I'm way more introverted than I am extroverted due to my ASD. The tough thing I typically face is the fact that I find it difficult to engage conversations on my own. When I'm past that phase, I'm mostly okay afterward. I think that's also a major reason why I've never been in any relationships (heck, I've never been on a real date period), even though I'm really wanting to be in one. I have somewhat of a fear of rejection, coupled with me being afraid of unintentionally making others feel uncomfortable. Some of you can agree that I've definitely said things in the past that sound okay to me, but to others, it comes off as being sort of wrong. I want to maintain good relationships with everyone I meet, and I'm still figuring out how to be a better communicator every day. TBT has somewhat helped with my social anxiety, so I'm at least thankful for that.

It's also safe to say that I've had way less social interactions than most people my age, and unfortunately, I'm just past that "college" phase where the so-called "final batch" of lifelong friends are usually made. Some of you know this about me already, but I tried the University experience for a single semester nearly five years ago, and permanently dropped out because of both me not feeling like I fitted in and my personal thoughts about such environments in general. The social interactions I had there all felt forced, and there were activities that you were required to attend in order to maintain your student status. It was one of the most miserable experiences I've ever had; even more so when you take into account the student loans I'm still trying to pay off to this day.

I'm now finding it increasingly difficult to make new real-life friends, and I don't even know if I'll ever get past this "lone wolf" phase. It sort of doesn't help that I live in an area where you have to drive long distances to find places to hang out that aren't loud and crazy, or filled with elderly people. The reason I say the latter is because most of the co-workers I've talked to are elderly, and they usually don't fully understand my likes and interests. Please know that I have absolutely nothing against them in general; I have a suspicion that it's simply me being super sentimental about my time in high school.

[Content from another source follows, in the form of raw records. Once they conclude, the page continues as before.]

lemma roman_domination_number_sierp:
  assumes "n \<ge> 2" "t \<ge> 1"
  shows "int (roman_domination_number (sierp_vertices n t) (sierp_adj t)) =
    \<lceil>2 * real (n ^ t) / real (n + 1)\<rceil>"
proof -
  let ?V = "sierp_vertices n t" and ?E = "sierp_adj t"
  let ?W = "{roman_weight ?V f | f. roman_dominating ?V ?E f}"
  have lower: "\<lceil>2 * real (n ^ t) / real (n + 1)\<rceil> \<le> int (roman_weight ?V f)"
    if "roman_dominating ?V ?E f" for f
  proof -
    have "2 * n ^ t \<le> (n + 1) * roman_weight ?V f"
      using roman_weight_lower_bound[OF finite_sierp_vertices that, of n] assms(1)
        card_sierp_neighbours_le by (simp add: card_sierp_vertices)
    then have "2 * real (n ^ t) \<le> real (n + 1) * real (roman_weight ?V f)"
      by (metis of_nat_le_iff of_nat_mult of_nat_numeral)
    then show ?thesis by (simp add: ceiling_le_iff divide_le_eq mult.commute)
  qed
  obtain f where f: "roman_dominating ?V ?E f"
    and "(n + 1) * roman_weight ?V f < 2 * n ^ t + (n + 1)"
    using sierp_roman_upper_bound[OF assms] .
  then have "real ((n + 1) * roman_weight ?V f) < real (2 * n ^ t + (n + 1))"
    by (simp only: of_nat_less_iff)
  then have "real (n + 1) * (real (roman_weight ?V f) - 1) < 2 * real (n ^ t)"
    by (simp add: algebra_simps)
  then have "int (roman_weight ?V f) \<le> \<lceil>2 * real (n ^ t) / real (n + 1)\<rceil>"
    by (simp add: le_ceiling_iff less_divide_eq mult.commute)
  with lower[OF f] have min: "int (roman_weight ?V f) = \<lceil>2 * real (n ^ t) / real (n + 1)\<rceil>"
    by linarith
  have "roman_domination_number ?V ?E = roman_weight ?V f"
    unfolding roman_domination_number_def
    using f lower min by (intro cInf_eq_minimum) fastforce+
  then show ?thesis using min by simp
qed

lemma ceiling_double_power_over_succ:
  fixes n t :: nat
  assumes "n \<ge> 2"
  shows "\<lceil>2 * real (n ^ t) / real (n + 1)\<rceil> =
    (if odd t then 2 * \<lceil>real (n ^ t) / real (n + 1)\<rceil>
     else 2 * \<lceil>real (n ^ t) / real (n + 1)\<rceil> - 1)"
proof -
  let ?q = "real (n + 1)"
  obtain k where "int n ^ t - (-1) ^ t = (int n + 1) * k"
    using add_one_dvd_power_minus_sign by (rule dvdE)
  then have "real_of_int (int n ^ t - (-1) ^ t) = real_of_int ((int n + 1) * k)" by simp
  then have k: "real (n ^ t) = ?q * of_int k + (-1) ^ t" by (simp add: algebra_simps)
  show ?thesis
  proof (cases "odd t")
    case True
    then have e1: "real (n ^ t) = ?q * of_int (k - 1) + real n"
      and e2: "2 * real (n ^ t) = ?q * of_int (2 * k - 1) + (real n - 1)"
      using k by (simp_all add: algebra_simps)
    have "\<lceil>real (n ^ t) / ?q\<rceil> = k - 1 + 1"
      unfolding e1 by (rule ceiling_add_divide) (use assms in simp_all)
    moreover have "\<lceil>2 * real (n ^ t) / ?q\<rceil> = 2 * k - 1 + 1"
      unfolding e2 by (rule ceiling_add_divide) (use assms in simp_all)
    ultimately show ?thesis using True by simp
  next
    case False
    then have e1: "real (n ^ t) = ?q * of_int k + 1"
      and e2: "2 * real (n ^ t) = ?q * of_int (2 * k) + 2"
      using k by (simp_all add: algebra_simps)
    have "\<lceil>real (n ^ t) / ?q\<rceil> = k + 1"
      unfolding e1 by (rule ceiling_add_divide) (use assms in simp_all)
    moreover have "\<lceil>2 * real (n ^ t) / ?q\<rceil> = 2 * k + 1"
      unfolding e2 by (rule ceiling_add_divide) (use assms in simp_all)
    ultimately show ?thesis using False by simp
  qed
qed

theorem theorem3p2:
  fixes n t :: nat
  assumes "n \<ge> 2" and "t \<ge> 1"
  shows "int (roman_domination_number (sierp_vertices n t) (sierp_adj t)) =
           (if odd t then 2 * \<lceil>real (n ^ t) / real (n + 1)\<rceil>
            else 2 * \<lceil>real (n ^ t) / real (n + 1)\<rceil> - 1)"
  using roman_domination_number_sierp[OF assms] ceiling_double_power_over_succ[OF assms(1)]
  by simp

end
section \<open>Translating a box along the diagonal\<close>

lemma integral_cbox_rescale:
  fixes \<rho> :: "real^'n \<Rightarrow> real"
  assumes cont: "continuous_on UNIV \<rho>" and pos: "\<And>k. 0 < m$k"
  shows "integral (cbox c (c + m)) \<rho> = (\<Prod>k\<in>UNIV. m$k) * integral (cbox 0 1) (\<lambda>y. \<rho> (c + (\<chi> k. m$k * y$k)))"
proof -
  define f where "f z = \<rho> (c + z)" for z
  have m_nz: "m$k \<noteq> 0" for k
    using pos[of k] by simp
  have "integral (cbox 0 m) (\<rho> \<circ> (+) c) = integral (cbox (0 + c) (m + c)) \<rho>"
    by (rule integral_shift_cbox_plus)
  then have shift: "integral (cbox 0 m) f = integral (cbox c (c + m)) \<rho>"
    by (simp add: f_def[abs_def] o_def add.commute)
  have "continuous_on UNIV f"
    unfolding f_def by (intro continuous_on_compose2[OF cont] continuous_intros) auto
  then have "(f has_integral integral (cbox 0 m) f) (cbox 0 m)"
    by (meson integrable_continuous integrable_integral continuous_on_subset subset_UNIV)
  from has_integral_stretch_cart[OF this m_nz]
  have stretch: "((\<lambda>x. f (\<chi> k. m$k * x$k)) has_integral integral (cbox 0 m) f /\<^sub>R \<bar>\<Prod>k\<in>UNIV. m$k\<bar>)
      ((\<lambda>x. \<chi> k. x$k / m$k) ` cbox 0 m)" .
  have "(\<lambda>x. \<chi> k. x$k / m$k) ` cbox 0 m = (\<lambda>x. \<chi> k. (1 / m$k) * x$k) ` cbox 0 m"
    by simp
  also have "\<dots> = cbox 0 1"
  proof -
    have "0 \<in> cbox 0 m"
      using pos by (simp add: mem_box_cart less_imp_le)
    moreover have "(\<chi> k. min ((1 / m$k) * (0::real^'n)$k) ((1 / m$k) * m$k)) = 0"
      "(\<chi> k. max ((1 / m$k) * (0::real^'n)$k) ((1 / m$k) * m$k)) = 1"
      using m_nz by (simp_all add: vec_eq_iff)
    ultimately show ?thesis
      using image_stretch_interval_cart[of "\<lambda>k. 1 / m$k" 0 m] by auto
  qed
  finally have "integral (cbox 0 1) (\<lambda>x. f (\<chi> k. m$k * x$k)) = integral (cbox 0 m) f / (\<Prod>k\<in>UNIV. m$k)"
    using integral_unique[OF stretch] pos by (simp add: prod_pos abs_of_pos divide_inverse_commute)
  moreover have "(\<Prod>k\<in>UNIV. m$k) \<noteq> 0"
    by (simp add: m_nz)
  ultimately show ?thesis
    by (simp add: shift f_def)
qed

lemma tendsto_integral_cbox_average:
  fixes \<rho> :: "real^'n \<Rightarrow> real" and c m :: "'a \<Rightarrow> real^'n"
  assumes cont: "continuous_on UNIV \<rho>"
    and c: "(c \<longlongrightarrow> c0) F" and m: "(m \<longlongrightarrow> m0) F"
    and pos: "eventually (\<lambda>x. \<forall>k. 0 < m x $ k) F"
  shows "((\<lambda>x. integral (cbox (c x) (c x + m x)) \<rho> / (\<Prod>k\<in>UNIV. m x $ k))
          \<longlongrightarrow> integral (cbox 0 1) (\<lambda>y. \<rho> (c0 + (\<chi> k. m0$k * y$k)))) F"
proof -
  define \<Phi> where "\<Phi> p = integral (cbox 0 1) (\<lambda>y. \<rho> (fst p + (\<chi> k. snd p $ k * y$k)))"
    for p :: "(real^'n) \<times> (real^'n)"
  have "continuous_on UNIV \<Phi>"
    unfolding \<Phi>_def
    by (rule integral_continuous_on_param, unfold case_prod_beta)
       (intro continuous_on_compose2[OF cont] continuous_intros; simp)
  then have "((\<lambda>x. \<Phi> (c x, m x)) \<longlongrightarrow> \<Phi> (c0, m0)) F"
    by (intro isCont_tendsto_compose[of _ \<Phi>] tendsto_Pair c m) (simp add: continuous_on_eq_continuous_at)
  moreover have "eventually (\<lambda>x. \<Phi> (c x, m x) = integral (cbox (c x) (c x + m x)) \<rho> / (\<Prod>k\<in>UNIV. m x $ k)) F"
    using pos
  proof eventually_elim
    case (elim x)
    then have "(\<Prod>k\<in>UNIV. m x $ k) \<noteq> 0"
      by (metis finite less_irrefl prod_zero_iff)
    then show ?case
      using integral_cbox_rescale[OF cont, of "m x" "c x"] elim by (simp add: \<Phi>_def)
  qed
  ultimately show ?thesis
    unfolding \<Phi>_def fst_conv snd_conv by (rule Lim_transform_eventually)
qed

text \<open>Splitting both boxes at a hyperplane orthogonal to \<open>e\<^sub>i\<close> leaves a common middle part and
  two slabs of width \<open>\<epsilon>\<close>.\<close>

lemma integral_cbox_shift_coord_diff:
  fixes \<rho> :: "real^'n \<Rightarrow> real" and a b s :: "real^'n"
  assumes cont: "continuous_on UNIV \<rho>" and "0 < \<epsilon>" "\<epsilon> < b$i - a$i"
  defines "m \<equiv> \<chi> k. if k = i then \<epsilon> else b$k - a$k"
    and "cL \<equiv> a - s - \<epsilon> *\<^sub>R axis i 1"
    and "cU \<equiv> \<chi> k. if k = i then b$i - s$i - \<epsilon> else a$k - s$k"
  shows "integral (cbox (a - (s + \<epsilon> *\<^sub>R axis i 1)) (b - (s + \<epsilon> *\<^sub>R axis i 1))) \<rho> - integral (cbox (a - s) (b - s)) \<rho>
      = integral (cbox cL (cL + m)) \<rho> - integral (cbox cU (cU + m)) \<rho>"
proof -
  have int: "\<rho> integrable_on cbox x y" for x y
    by (meson cont integrable_continuous continuous_on_subset subset_UNIV)
  have basis: "axis i (1::real) \<in> Basis"
    by (auto simp: Basis_vec_def)
  define lo where "lo = a - (s + \<epsilon> *\<^sub>R axis i 1)"
  define hi where "hi = b - (s + \<epsilon> *\<^sub>R axis i 1)"
  define c1 where "c1 = a$i - s$i"
  define c2 where "c2 = b$i - s$i - \<epsilon>"
  define mid where "mid = cbox (a - s) hi"
  have split1: "integral (cbox lo hi) \<rho>
      = integral (cbox lo hi \<inter> {x. x$i \<le> c1}) \<rho> + integral (cbox lo hi \<inter> {x. x$i \<ge> c1}) \<rho>"
    using integral_split[OF int basis, of lo hi c1] by (simp add: inner_axis)
  have split2: "integral (cbox (a - s) (b - s)) \<rho>
      = integral (cbox (a - s) (b - s) \<inter> {x. x$i \<le> c2}) \<rho> + integral (cbox (a - s) (b - s) \<inter> {x. x$i \<ge> c2}) \<rho>"
    using integral_split[OF int basis, of "a - s" "b - s" c2] by (simp add: inner_axis)
  have "cbox lo hi \<inter> {x. x$i \<le> c1} = cbox lo (\<chi> k. if k = i then min (hi$i) c1 else hi$k)"
    using interval_split_cart(1)[of lo hi i c1] by (simp add: interval_cbox_cart)
  also have "\<dots> = cbox cL (cL + m)"
    using assms(3) by (intro arg_cong2[where f = cbox])
      (auto simp: vec_eq_iff lo_def hi_def cL_def m_def c1_def axis_def min_def)
  finally have L: "cbox lo hi \<inter> {x. x$i \<le> c1} = cbox cL (cL + m)" .
  have "cbox lo hi \<inter> {x. x$i \<ge> c1} = cbox (\<chi> k. if k = i then max (lo$i) c1 else lo$k) hi"
    using interval_split_cart(2)[where a = lo and b = hi and k = i and c = c1] by (simp add: interval_cbox_cart)
  also have "\<dots> = mid"
    using assms(2) unfolding mid_def by (intro arg_cong2[where f = cbox])
      (auto simp: vec_eq_iff lo_def c1_def axis_def max_def)
  finally have M1: "cbox lo hi \<inter> {x. x$i \<ge> c1} = mid" .
  have "cbox (a - s) (b - s) \<inter> {x. x$i \<le> c2} = cbox (a - s) (\<chi> k. if k = i then min ((b - s)$i) c2 else (b - s)$k)"
    using interval_split_cart(1)[of "a - s" "b - s" i c2] by (simp add: interval_cbox_cart)
  also have "\<dots> = mid"
    using assms(2) unfolding mid_def by (intro arg_cong2[where f = cbox])
      (auto simp: vec_eq_iff hi_def c2_def axis_def min_def)
  finally have M2: "cbox (a - s) (b - s) \<inter> {x. x$i \<le> c2} = mid" .
  have "cbox (a - s) (b - s) \<inter> {x. x$i \<ge> c2} = cbox (\<chi> k. if k = i then max ((a - s)$i) c2 else (a - s)$k) (b - s)"
    using interval_split_cart(2)[where a = "a - s" and b = "b - s" and k = i and c = c2] by (simp add: interval_cbox_cart)
  also have "\<dots> = cbox cU (cU + m)"
    using assms(3) by (intro arg_cong2[where f = cbox])
      (auto simp: vec_eq_iff cU_def m_def c2_def max_def)
  finally have U: "cbox (a - s) (b - s) \<inter> {x. x$i \<ge> c2} = cbox cU (cU + m)" .
  show ?thesis
    using split1 split2 unfolding L M1 M2 U by (simp add: lo_def hi_def)
qed

definition face_area :: "real^'n \<Rightarrow> real^'n \<Rightarrow> 'n \<Rightarrow> real" where
  "face_area a b i = (\<Prod>k\<in>UNIV-{i}. b$k - a$k)"

definition face_average :: "(real^'n \<Rightarrow> real) \<Rightarrow> real^'n \<Rightarrow> real^'n \<Rightarrow> 'n \<Rightarrow> real^'n \<Rightarrow> real" where
  "face_average \<rho> a b i c = integral (cbox 0 1) (\<lambda>y. \<rho> (c + (\<chi> k. (if k = i then 0 else b$k - a$k) * y$k)))"

lemma face_area_pos: "(\<And>k. a$k < b$k) \<Longrightarrow> face_area a b i > 0"
  unfolding face_area_def by (intro prod_pos) simp

lemma face_average_nonneg: "continuous_on UNIV \<rho> \<Longrightarrow> (\<And>x. 0 \<le> \<rho> x) \<Longrightarrow> face_average \<rho> a b i c \<ge> 0"
  unfolding face_average_def
  by (rule integral_nonneg[OF integrable_continuous])
     (auto intro!: continuous_on_compose2[of UNIV \<rho>] continuous_intros)

lemma face_average_periodic:
  assumes "torus_periodic \<rho>"
  shows "face_average \<rho> a b i (c + (2*pi * of_int n) *\<^sub>R axis j 1) = face_average \<rho> a b i c"
proof -
  have "\<rho> (c + (2*pi * of_int n) *\<^sub>R axis j 1 + y) = \<rho> (c + y)" for y
    using torus_periodic_shift_int[OF assms, of "c + y" n j] by (simp add: algebra_simps)
  then show ?thesis
    by (simp add: face_average_def)
qed

lemma face_average_upper_eq_0:
  fixes \<rho> :: "real^'n \<Rightarrow> real"
  assumes cont: "continuous_on UNIV \<rho>" and nonneg: "\<And>x. 0 \<le> \<rho> x" and ab: "\<And>k. a$k < b$k"
    and zero: "integral (cbox a b) \<rho> = 0"
  shows "face_average \<rho> a b i (a + (b$i - a$i) *\<^sub>R axis i 1) = 0"
proof -
  have cont_ab: "continuous_on (cbox a b) \<rho>"
    using cont by (rule continuous_on_subset) simp
  have "(\<rho> has_integral 0) (cbox a b)"
    using integrable_integral[OF integrable_continuous[OF cont_ab]] unfolding zero .
  moreover have "(1/2) *\<^sub>R (a + b) \<in> box a b"
    using ab by (simp add: mem_box_cart field_simps)
  then have "box a b \<noteq> {}"
    by blast
  ultimately have vanish: "\<rho> x = 0" if "x \<in> cbox a b" for x
    by (rule has_integral_0_cbox_imp_0[OF cont_ab nonneg _ _ that])
  have "a + (b$i - a$i) *\<^sub>R axis i 1 + (\<chi> k. (if k = i then 0 else b$k - a$k) * y$k) \<in> cbox a b"
    if "y \<in> cbox 0 1" for y
    unfolding mem_box_cart
  proof
    fix k
    have "0 \<le> y$k" "y$k \<le> 1"
      using that by (auto simp: mem_box_cart)
    moreover have "(b$k - a$k) * y$k \<le> b$k - a$k"
      using mult_left_mono[of "y$k" 1 "b$k - a$k"] ab[of k] \<open>y$k \<le> 1\<close> by simp
    moreover have "0 \<le> (b$k - a$k) * y$k"
      using ab[of k] \<open>0 \<le> y$k\<close> by simp
    ultimately have "a$k \<le> a$k + (b$k - a$k) * y$k" "a$k + (b$k - a$k) * y$k \<le> b$k"
      by linarith+
    then show "a$k \<le> (a + (b$i - a$i) *\<^sub>R axis i 1 + (\<chi> k. (if k = i then 0 else b$k - a$k) * y$k))$k \<and>
        (a + (b$i - a$i) *\<^sub>R axis i 1 + (\<chi> k. (if k = i then 0 else b$k - a$k) * y$k))$k \<le> b$k"
      using ab[of k] by (auto simp: axis_def)
  qed
  then have "face_average \<rho> a b i (a + (b$i - a$i) *\<^sub>R axis i 1) = integral (cbox 0 1) (\<lambda>y::real^'n. 0::real)"
    unfolding face_average_def by (intro integral_cong vanish)
  then show ?thesis
    by simp
qed
lemma mult_exp_in_class_SG:
  assumes deriv: "\<And>z. z \<in> ball 0 1 \<Longrightarrow> (q has_field_derivative q' z) (at z)" and "q 0 = 0"
    and w: "w holomorphic_on ball 0 1" "w 0 = 0" "\<forall>z\<in>ball 0 1. norm (w z) < 1"
    and sub: "\<And>z. z \<in> ball 0 1 \<Longrightarrow> 1 + z * q' z = Psi (w z)"
  shows "(\<lambda>z. z * exp (q z)) \<in> class_SG"
proof -
  define F where "F = (\<lambda>z. z * exp (q z))"
  have F_deriv: "deriv F z = exp (q z) * Psi (w z)" if "z \<in> ball 0 1" for z
    using DERIV_imp_deriv[OF mult_exp_has_field_derivative[OF deriv[OF that]]] sub[OF that]
    by (simp add: F_def)
  have "F holomorphic_on ball 0 1"
    unfolding holomorphic_on_open[OF open_ball] F_def using mult_exp_has_field_derivative[OF deriv] by blast
  moreover have "inj_on F (ball 0 1)"
    unfolding F_def by (rule inj_on_mult_exp[OF deriv]) (auto simp: sub intro!: Re_Psi_pos w(3)[rule_format])
  moreover have "deriv F 0 = 1"
    using F_deriv[of 0] by (simp add: \<open>q 0 = 0\<close> w(2))
  moreover have "starlike_quot F z = Psi (w z)" if "z \<in> ball 0 1" for z
    using F_deriv[OF that] by (simp add: starlike_quot_def F_def w(2))
  ultimately show ?thesis
    unfolding class_SG_def class_S_def subordinate_def using w by (auto simp: F_def)
qed

lemma Psi_sub_one_div_primitive:
  obtains g g' where "g 0 = 0" "\<And>z. z \<in> ball 0 1 \<Longrightarrow> (g has_field_derivative g' z) (at z)"
    "\<And>z. z * g' z = Psi z - 1"
proof -
  define g' where "g' = (\<lambda>z. if z = 0 then deriv Psi 0 else (Psi z - Psi 0) / (z - 0))"
  have "g' holomorphic_on ball 0 1"
    unfolding g'_def by (rule pole_lemma[OF Psi_holomorphic]) auto
  then obtain g where g: "\<And>z. z \<in> ball 0 1 \<Longrightarrow> (g has_field_derivative g' z) (at z within ball 0 1)"
    using holomorphic_convex_primitive'[OF convex_ball open_ball] by blast
  have "((\<lambda>z. g z - g 0) has_field_derivative g' z) (at z)" if "z \<in> ball 0 1" for z
    using g[OF that] at_within_open[OF that open_ball] by (auto intro!: derivative_eq_intros)
  moreover have "z * g' z = Psi z - 1" for z
    by (cases "z = 0") (simp_all add: g'_def)
  ultimately show ?thesis
    using that[of "\<lambda>z. g z - g 0" g'] by simp
qed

On the bright side, at least I have more free time to focus on the hobbies I like doing, such as collecting music, movies, and maintaining my personal living space in my parent's house. It would help if I were a bit more extroverted, but I'll let therapy help me with that.
 
Introvert, but primarily for social gatherings or events. This is mainly because I find most social situations draining. If its three to five people it isn't so bad. If its like 20+ and I don't really know anyone, my social battery burns really fast.
 
i'm somewhere in the middle so i would say i'm an ambivert. i do enjoy socializing and meeting new people. i really like group social outings like parties and such, but i also need time to recharge. i do enjoy alone time and going to places by myself as well.
 
i was an ambivert, then covid made me an introvert, and now i’m back to being an ambivert. i don’t get drained socially anymore like i used to but i don’t feel better with or without people.
 
I’m an introvert. I can be talkative with people I’m close to and most comfortable with, but that’s pretty rare.